Not a lot of real info on the machine but like anyone I'm going by more experienced users and you have championed the Brasilia quite heartily and I found a Utube of the grind off at Rave and I'm sure the Brasillia was being tested and it sounded very quite for such a beast.

I was concerned that it is not a stepless grinder as everything I've read seems to indicate that if you want quality you need to spend on a stepless grinder but in this case perhaps not.

If I'm lucky and Coffechap hasn't already sold it i'll post a picture of my set up on the forum and I may be bugging you for some tips as this is my first foray into espresso ground coffee.

Thanks again


----------



## Charliej (Feb 25, 2012)

Well yes it is a stepped grinder, but, it has 80 very fine steps I haven't yet found a bean I haven't been able to get just right as if a bean would really really need an in between step then the difference between 2 steps can usually be made up for when tamping i.e go a step further and tamp a little lighter or a step back and tamp a little harder.

They do look huge with the hopper on and wouldn't fit under a standard kitchen wall cupboard that way. The lid for the lens hood is a scented candle tin lid from Tesco I took the lens hood with me when shopping and tried them until I found one that fit and my ex was happy with the candle too lol. When you get it pm me your address and I'll stick you some of the aluminium tape in the post if Dave hasn't already done that mod for you. You won't be disappointed with it and they are very quiet too.


----------



## Pompeyexile (Dec 2, 2013)

Dave has responded and he's confirmed the grinder is mine, I'm over the moon and can't wait to receive it so I can get cracking, as I've had my Gaggia Classic since late November and have only tried to pull one shot using some pre-ground coffee from Whittards (no don't laugh) supposedly ground for espresso and it was simply pants. No matter how hard I tamped, it would only take 10 seconds to pull. So that's been binned and again after ploughing through the forum once again learned a lot from other much more knowledgeable members posts and so I've ordered two lots of beans from Rave, their signature blend and Suarez.

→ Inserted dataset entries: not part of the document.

lemma cross_antisym: "cross u v = sc (-1) (cross v u)"
  by (cases u rule: prod_cases3; cases v rule: prod_cases3) (simp add: vec_defs algebra_simps)

lemma sc_eq_zero_iff: "sc k v = (0, 0, 0) \<longleftrightarrow> k = 0 \<or> v = (0, 0, 0)"
  by (cases v rule: prod_cases3) (auto simp: vec_defs)

lemma cross_sc_left: "cross (sc k u) v = sc k (cross u v)"
  and cross_sc_right: "cross u (sc k v) = sc k (cross u v)"
  and dot_sc_left: "dot (sc k u) v = k * dot u v"
  and dot_sc_right: "dot u (sc k v) = k * dot u v"
  and det3_sc1: "det3 (sc k u) v w = k * det3 u v w"
  and det3_sc2: "det3 u (sc k v) w = k * det3 u v w"
  and det3_sc3: "det3 u v (sc k w) = k * det3 u v w"
  by (cases u rule: prod_cases3; cases v rule: prod_cases3; cases w rule: prod_cases3;
      simp add: vec_defs algebra_simps)+

lemmas sc_simps = cross_sc_left cross_sc_right dot_sc_left dot_sc_right
  det3_sc1 det3_sc2 det3_sc3 sc_sc

lemma cross_sc_self: "cross (sc c v) v = (0, 0, 0)"
  by (cases v rule: prod_cases3) (simp add: vec_defs algebra_simps)

lemma cross_eq_zero_imp_sc:
  assumes "cross u v = (0, 0, 0)" "nz v"
  shows "\<exists>c. u = sc c v"
proof -
  obtain u1 u2 u3 where u: "u = (u1, u2, u3)" by (cases u rule: prod_cases3)
  obtain v1 v2 v3 where v: "v = (v1, v2, v3)" by (cases v rule: prod_cases3)
  have e: "u2 * v3 = u3 * v2" "u3 * v1 = u1 * v3" "u1 * v2 = u2 * v1"
    using assms(1) by (simp_all add: u v vec_defs)
  consider "v1 \<noteq> 0" | "v1 = 0" "v2 \<noteq> 0" | "v1 = 0" "v2 = 0" "v3 \<noteq> 0"
    using assms(2) v by auto
  then show ?thesis
  proof cases
    case 1
    then show ?thesis using e
      by (intro exI[of _ "u1 / v1"]) (simp add: u v vec_defs field_simps; metis mult.commute)
  next
    case 2
    then show ?thesis using e
      by (intro exI[of _ "u2 / v2"]) (simp add: u v vec_defs field_simps; metis mult.commute)
  next
    case 3
    then show ?thesis using e
      by (intro exI[of _ "u3 / v3"]) (simp add: u v vec_defs field_simps)
  qed
qed

lemma cross_eq_zero_iff_projeq:
  assumes "nz u" "nz v"
  shows "cross u v = (0, 0, 0) \<longleftrightarrow> projeq u v"
proof
  assume "cross u v = (0, 0, 0)"
  then obtain c where c: "u = sc c v" using cross_eq_zero_imp_sc assms by blast
  then have "c \<noteq> 0" using assms by (auto simp: sc_eq_zero_iff)
  then show "projeq u v" using c assms by (auto simp: projeq_def)
next
  assume "projeq u v"
  then obtain c where "u = sc c v" by (auto simp: projeq_def)
  then show "cross u v = (0, 0, 0)" by (simp add: cross_sc_self)
qed

lemma cross_cross_expand: "cross w (cross u v) = comb (dot w v) u (- dot w u) v"
  by (cases u rule: prod_cases3; cases v rule: prod_cases3; cases w rule: prod_cases3)
     (simp add: vec_defs algebra_simps)

lemma cross_cross_common: "cross (cross n l) (cross n m) = sc (det3 n l m) n"
  by (cases n rule: prod_cases3; cases l rule: prod_cases3; cases m rule: prod_cases3)
     (simp add: vec_defs algebra_simps)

To have all the equipment sat there and not being able to use it has been so frustrating and the I've been the butt of a few jokes from mates too plus there's a lot of expectation that once I do get up and running the coffee had better taste good. Here's hoping!


----------



## drude (Apr 22, 2013)

Although the RR55OD is stepped I've never had any problem with needing a grind between two consecutive points, and I've never had a coffee I've not been able to dial in with mine. It's a great grinder - you should be very happy.


----------